◆ **Collected data**:
»»

(* Let $X$ be a finite set of proposals with $|X|\geq 3$. No divisiveness selection function on $X$ simultaneously satisfies Anonymity, Neutrality, Clone Consistency, and Position Unanimity.
   Context: $X!$ is the set of strict linear orders on $X$; a profile is a function $R:N\to X!$ with $N\subset\mathbb{N}$ finite and nonempty. A divisiveness selection function (DSF) maps every profile to a nonempty subset of $X$. Anonymity: $\Delta(R)=\Delta(R\circ\sigma)$ for every profile $R$ and every bijection $\sigma:\mathbb{N}\to\mathbb{N}$. Neutrality: $\Delta(\sigma(R))=\sigma(\Delta(R))$ for every profile $R$ and permutation $\sigma:X\to X$ (extended naturally to subsets of $X$ and to profiles). Two proposals are clones in $R$ if they are adjacent in every agent's ranking in $R$. Clone Consistency: for every profile $R$ and proposals $x,x',y$ such that $x,x'$ are clones in $R$ but $x,y$ are not, $\{x,y\}\subseteq\Delta(R)$ implies $\{x,x',y\}\subseteq\Delta(R)$. A profile is unanimous if all agents report the same ranking; $x$ occurs in the same position throughout $R$ if the number of proposals ranked above $x$ is the same in every ranking of $R$. Position Unanimity: $x\notin\Delta(R)$ for every non-unanimous profile $R$ and every proposal $x$ occurring in the same position throughout $R$. *)

theory Defs
  imports Main
begin

(* Proposals are the elements of a finite type 'x (so X = UNIV :: 'x set).
   A ranking (element of X!) is a strict linear order r on X;
   (a, b) \<in> r means that a is ranked above b. *)

type_synonym 'x profile = "nat \<rightharpoonup> 'x rel"

definition is_profile :: "'x profile \<Rightarrow> bool" where
  "is_profile R \<longleftrightarrow> finite (dom R) \<and> dom R \<noteq> {} \<and>
     (\<forall>r \<in> ran R. strict_linear_order r)"

definition is_DSF :: "('x profile \<Rightarrow> 'x set) \<Rightarrow> bool" where
  "is_DSF \<Delta> \<longleftrightarrow> (\<forall>R. is_profile R \<longrightarrow> \<Delta> R \<noteq> {})"

definition anonymous :: "('x profile \<Rightarrow> 'x set) \<Rightarrow> bool" where
  "anonymous \<Delta> \<longleftrightarrow>
     (\<forall>R (\<sigma> :: nat \<Rightarrow> nat). is_profile R \<longrightarrow> bij \<sigma> \<longrightarrow> \<Delta> R = \<Delta> (R \<circ> \<sigma>))"

definition perm_rel :: "('x \<Rightarrow> 'x) \<Rightarrow> 'x rel \<Rightarrow> 'x rel" where
  "perm_rel \<sigma> r = map_prod \<sigma> \<sigma> ` r"

definition perm_profile :: "('x \<Rightarrow> 'x) \<Rightarrow> 'x profile \<Rightarrow> 'x profile" where
  "perm_profile \<sigma> R = map_option (perm_rel \<sigma>) \<circ> R"

definition neutral :: "('x profile \<Rightarrow> 'x set) \<Rightarrow> bool" where
  "neutral \<Delta> \<longleftrightarrow>
     (\<forall>R \<sigma>. is_profile R \<longrightarrow> bij \<sigma> \<longrightarrow> \<Delta> (perm_profile \<sigma> R) = \<sigma> ` \<Delta> R)"

definition adjacent :: "'x rel \<Rightarrow> 'x \<Rightarrow> 'x \<Rightarrow> bool" where
  "adjacent r x y \<longleftrightarrow> x \<noteq> y \<and>
     \<not> (\<exists>z. ((x, z) \<in> r \<and> (z, y) \<in> r) \<or> ((y, z) \<in> r \<and> (z, x) \<in> r))"

definition clones :: "'x profile \<Rightarrow> 'x \<Rightarrow> 'x \<Rightarrow> bool" where
  "clones R x y \<longleftrightarrow> (\<forall>r \<in> ran R. adjacent r x y)"

definition clone_consistent :: "('x profile \<Rightarrow> 'x set) \<Rightarrow> bool" where
  "clone_consistent \<Delta> \<longleftrightarrow>
     (\<forall>R x x' y. is_profile R \<longrightarrow> clones R x x' \<longrightarrow> \<not> clones R x y \<longrightarrow>
        {x, y} \<subseteq> \<Delta> R \<longrightarrow> {x, x', y} \<subseteq> \<Delta> R)"

definition unanimous :: "'x profile \<Rightarrow> bool" where
  "unanimous R \<longleftrightarrow> (\<forall>r \<in> ran R. \<forall>r' \<in> ran R. r = r')"

definition position :: "'x rel \<Rightarrow> 'x \<Rightarrow> nat" where
  "position r x = card {y. (y, x) \<in> r}"

definition same_position :: "'x profile \<Rightarrow> 'x \<Rightarrow> bool" where
  "same_position R x \<longleftrightarrow> (\<forall>r \<in> ran R. \<forall>r' \<in> ran R. position r x = position r' x)"

definition position_unanimous :: "('x profile \<Rightarrow> 'x set) \<Rightarrow> bool" where
  "position_unanimous \<Delta> \<longleftrightarrow>
     (\<forall>R x. is_profile R \<longrightarrow> \<not> unanimous R \<longrightarrow> same_position R x \<longrightarrow> x \<notin> \<Delta> R)"

end

theory Submission
  imports Defs "HOL-Combinatorics.Transposition"
begin

(* Take distinct proposals a, b, c, a ranking r that starts with a, b, c, and the
   two-agent profile R = (r, r') where r' is r with a and c exchanged (so r' starts
   with c, b, a).  Exchanging the two agents of R has the same effect as exchanging
   a and c, so by Anonymity and Neutrality the selection on R is invariant under
   the transposition (a c).  Every other proposal occupies the same position in r
   and r', so by Position Unanimity the selection is {a, c}.  But a and b are clones
   in R while a and c are not, so Clone Consistency also selects b. *)

lemma strict_linear_order_inv_image:
  assumes "inj f" and "strict_linear_order r"
  shows "strict_linear_order (inv_image r f)"
  using assms trans_inv_image total_inv_image
  unfolding strict_linear_order_on_def irrefl_def by auto

lemma strict_linear_order_less_than: "strict_linear_order less_than"
  unfolding strict_linear_order_on_def using irrefl_less_than by simp

lemma inv_image_comp: "inv_image (inv_image r f) g = inv_image r (f \<circ> g)"
  by auto

lemma perm_rel_eq_inv_image:
  assumes "bij \<sigma>"
  shows "perm_rel \<sigma> r = inv_image r (inv \<sigma>)"
  using assms unfolding perm_rel_def
  by (auto simp: image_iff bij_is_inj bij_is_surj surj_f_inv_f
      intro!: bexI[of _ "(inv \<sigma> _, inv \<sigma> _)"])

lemma strict_linear_order_perm_rel:
  assumes "bij \<sigma>" and "strict_linear_order r"
  shows "strict_linear_order (perm_rel \<sigma> r)"
  unfolding perm_rel_eq_inv_image[OF assms(1)]
  using bij_is_inj[OF bij_imp_bij_inv[OF assms(1)]] assms(2)
  by (rule strict_linear_order_inv_image)

lemma perm_rel_involution:
  assumes "\<And>x. \<sigma> (\<sigma> x) = x"
  shows "perm_rel \<sigma> (perm_rel \<sigma> r) = r"
proof -
  have "map_prod \<sigma> \<sigma> (map_prod \<sigma> \<sigma> p) = p" for p
    using assms by (cases p) simp
  then show ?thesis
    unfolding perm_rel_def image_image by simp
qed

lemma position_perm_rel:
  assumes "bij \<sigma>"
  shows "position (perm_rel \<sigma> r) (\<sigma> x) = position r x"
proof -
  have "{y. (y, \<sigma> x) \<in> perm_rel \<sigma> r} = \<sigma> ` {y. (y, x) \<in> r}"
    using assms unfolding perm_rel_def bij_def inj_def by force
  then show ?thesis
    unfolding position_def
    using card_image[OF inj_on_subset[OF bij_is_inj[OF assms] subset_UNIV]] by simp
qed

lemma perm_rel_transpose_inv_image:
  "perm_rel (transpose a c) (inv_image s g) = inv_image s (g \<circ> transpose a c)"
  unfolding perm_rel_eq_inv_image[OF bij_transpose] inv_image_comp by simp

lemma perm_rel_transpose_inv_image_less_than_neq:
  assumes "g a < g c"
  shows "perm_rel (transpose a c) (inv_image less_than g) \<noteq> inv_image less_than g"
proof -
  have "(a, c) \<in> inv_image less_than g - perm_rel (transpose a c) (inv_image less_than g)"
    unfolding perm_rel_transpose_inv_image using assms by simp
  then show ?thesis by blast
qed

lemma adjacent_commute: "adjacent r x y \<longleftrightarrow> adjacent r y x"
  unfolding adjacent_def by blast

lemma adjacent_inv_image_less_than:
  assumes "g y = Suc (g x)"
  shows "adjacent (inv_image less_than g) x y"
  using assms unfolding adjacent_def by auto

lemma not_adjacent_inv_image_less_than:
  assumes "g x < g z" and "g z < g y"
  shows "\<not> adjacent (inv_image less_than g) x y"
  using assms unfolding adjacent_def by auto

definition swap_profile :: "('x \<Rightarrow> 'x) \<Rightarrow> 'x rel \<Rightarrow> 'x profile" where
  "swap_profile \<sigma> r = [0 \<mapsto> r, 1 \<mapsto> perm_rel \<sigma> r]"

lemma ran_swap_profile: "ran (swap_profile \<sigma> r) = {r, perm_rel \<sigma> r}"
  unfolding swap_profile_def by auto

lemma clones_swap_profile_transpose:
  assumes "g a = 0" and "g b = 1" and "g c = 2"
  shows "clones (swap_profile (transpose a c) (inv_image less_than g)) a b"
proof -
  have "a \<noteq> b" "b \<noteq> c"
    using assms by auto
  have "adjacent (inv_image less_than g) a b"
    by (rule adjacent_inv_image_less_than) (simp add: assms)
  moreover have "adjacent (perm_rel (transpose a c) (inv_image less_than g)) a b"
    unfolding perm_rel_transpose_inv_image adjacent_commute[of _ a]
    using \<open>a \<noteq> b\<close> \<open>b \<noteq> c\<close>
    by (intro adjacent_inv_image_less_than) (auto simp: assms transpose_def)
  ultimately show ?thesis
    unfolding clones_def ran_swap_profile by simp
qed

lemma not_clones_swap_profile:
  assumes "g a < g b" and "g b < g c"
  shows "\<not> clones (swap_profile \<sigma> (inv_image less_than g)) a c"
  unfolding clones_def ran_swap_profile
  using not_adjacent_inv_image_less_than[of g a b c, OF assms] by simp

lemma is_profile_swap_profile:
  assumes "bij \<sigma>" and "strict_linear_order r"
  shows "is_profile (swap_profile \<sigma> r)"
  using assms strict_linear_order_perm_rel
  unfolding is_profile_def ran_swap_profile by (simp add: swap_profile_def)

lemma perm_profile_swap_profile:
  assumes "\<And>x. \<sigma> (\<sigma> x) = x"
  shows "perm_profile \<sigma> (swap_profile \<sigma> r) = swap_profile \<sigma> r \<circ> transpose 0 1"
  using assms
  by (auto simp: perm_profile_def swap_profile_def transpose_def perm_rel_involution)

lemma image_selection_swap_profile:
  assumes "anonymous \<Delta>" and "neutral \<Delta>"
    and "\<And>x. \<sigma> (\<sigma> x) = x" and "strict_linear_order r"
  shows "\<sigma> ` \<Delta> (swap_profile \<sigma> r) = \<Delta> (swap_profile \<sigma> r)"
proof -
  have "bij \<sigma>"
    using assms(3) by (rule involuntory_imp_bij)
  then have "is_profile (swap_profile \<sigma> r)"
    using assms(4) by (rule is_profile_swap_profile)
  then show ?thesis
    using assms(1,2) \<open>bij \<sigma>\<close> perm_profile_swap_profile[OF assms(3)]
    unfolding anonymous_def neutral_def by (metis bij_transpose)
qed

lemma fixpoint_notin_selection_swap_profile:
  assumes "position_unanimous \<Delta>" and "bij \<sigma>" and "strict_linear_order r"
    and "perm_rel \<sigma> r \<noteq> r" and "\<sigma> x = x"
  shows "x \<notin> \<Delta> (swap_profile \<sigma> r)"
proof -
  have "\<not> unanimous (swap_profile \<sigma> r)"
    using assms(4) unfolding unanimous_def ran_swap_profile by auto
  moreover have "same_position (swap_profile \<sigma> r) x"
    using position_perm_rel[OF assms(2), of r x] assms(5)
    unfolding same_position_def ran_swap_profile by auto
  ultimately show ?thesis
    using assms(1) is_profile_swap_profile[OF assms(2,3)]
    unfolding position_unanimous_def by blast
qed

lemma selection_swap_profile_transpose:
  assumes "is_DSF \<Delta>" and "anonymous \<Delta>" and "neutral \<Delta>" and "position_unanimous \<Delta>"
    and "strict_linear_order r" and "perm_rel (transpose a c) r \<noteq> r"
  shows "\<Delta> (swap_profile (transpose a c) r) = {a, c}"
proof -
  let ?R = "swap_profile (transpose a c) r"
  have "\<Delta> ?R \<subseteq> {a, c}"
    using fixpoint_notin_selection_swap_profile[OF assms(4) bij_transpose assms(5,6)]
    by (metis insertCI subsetI transpose_apply_other)
  moreover obtain x where "x \<in> \<Delta> ?R"
    using assms(1) is_profile_swap_profile[OF bij_transpose assms(5)]
    unfolding is_DSF_def by blast
  moreover have "transpose a c x \<in> \<Delta> ?R"
    using image_selection_swap_profile[OF assms(2,3) transpose_involutory[of a c] assms(5)]
      \<open>x \<in> \<Delta> ?R\<close> by blast
  ultimately show ?thesis
    by auto
qed

lemma obtain_three_distinct:
  assumes "card (UNIV :: 'x set) \<ge> 3"
  obtains a b c :: 'x where "a \<noteq> b" and "b \<noteq> c" and "a \<noteq> c"
proof -
  obtain A :: "'x set" where "card A = 3"
    using obtain_subset_with_card_n[OF assms] by metis
  then show thesis
    using that by (auto simp: card_3_iff)
qed

lemma obtain_inj_to_nat_012:
  assumes "a \<noteq> b" and "b \<noteq> c" and "a \<noteq> c"
  obtains f :: "'x :: finite \<Rightarrow> nat" where "inj f" and "f a = 0" and "f b = 1" and "f c = 2"
proof -
  obtain g :: "'x \<Rightarrow> nat" where "inj g"
    by (meson finite_UNIV finite_imp_inj_to_nat_seg)
  define f where
    "f x = (if x = a then 0 else if x = b then 1 else if x = c then 2 else g x + 3)" for x
  have "inj f"
    using \<open>inj g\<close> assms unfolding inj_def f_def by auto
  then show thesis
    using that assms by (simp add: f_def)
qed

theorem theorem3:
  fixes \<Delta> :: "('x :: finite) profile \<Rightarrow> 'x set"
  assumes "card (UNIV :: 'x set) \<ge> 3"
  shows "\<not> (is_DSF \<Delta> \<and> anonymous \<Delta> \<and> neutral \<Delta> \<and> clone_consistent \<Delta> \<and> position_unanimous \<Delta>)"
proof
  assume "is_DSF \<Delta> \<and> anonymous \<Delta> \<and> neutral \<Delta> \<and> clone_consistent \<Delta> \<and> position_unanimous \<Delta>"
  then have axioms: "is_DSF \<Delta>" "anonymous \<Delta>" "neutral \<Delta>" "position_unanimous \<Delta>"
    and clone: "clone_consistent \<Delta>" by blast+
  obtain a b c :: 'x where abc: "a \<noteq> b" "b \<noteq> c" "a \<noteq> c"
    using assms by (rule obtain_three_distinct)
  obtain f :: "'x \<Rightarrow> nat" where f: "inj f" "f a = 0" "f b = 1" "f c = 2"
    using abc by (rule obtain_inj_to_nat_012)
  define r where "r = inv_image less_than f"
  define R where "R = swap_profile (transpose a c) r"
  have r: "strict_linear_order r"
    unfolding r_def using f(1) strict_linear_order_less_than
    by (rule strict_linear_order_inv_image)
  have "\<Delta> R = {a, c}"
    unfolding R_def using axioms r
    by (rule selection_swap_profile_transpose)
      (simp add: r_def f perm_rel_transpose_inv_image_less_than_neq)
  moreover have "clones R a b"
    unfolding R_def r_def using f(2-4) by (rule clones_swap_profile_transpose)
  moreover have "\<not> clones R a c"
    unfolding R_def r_def by (rule not_clones_swap_profile[of f a b]) (simp_all add: f)
  ultimately have "b \<in> \<Delta> R"
    using clone is_profile_swap_profile[OF bij_transpose r]
    unfolding clone_consistent_def R_def by blast
  then show False
    using \<open>\<Delta> R = {a, c}\<close> abc by simp
qed

end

««

◆ **The task**:
Please go through the data and copy each line containing the word "blast".

◆ **Task result**:
  then show ?thesis by blast
  unfolding adjacent_def by blast
    unfolding position_unanimous_def by blast
    unfolding is_DSF_def by blast
      \<open>x \<in> \<Delta> ?R\<close> by blast
    and clone: "clone_consistent \<Delta>" by blast+
    unfolding clone_consistent_def R_def by blast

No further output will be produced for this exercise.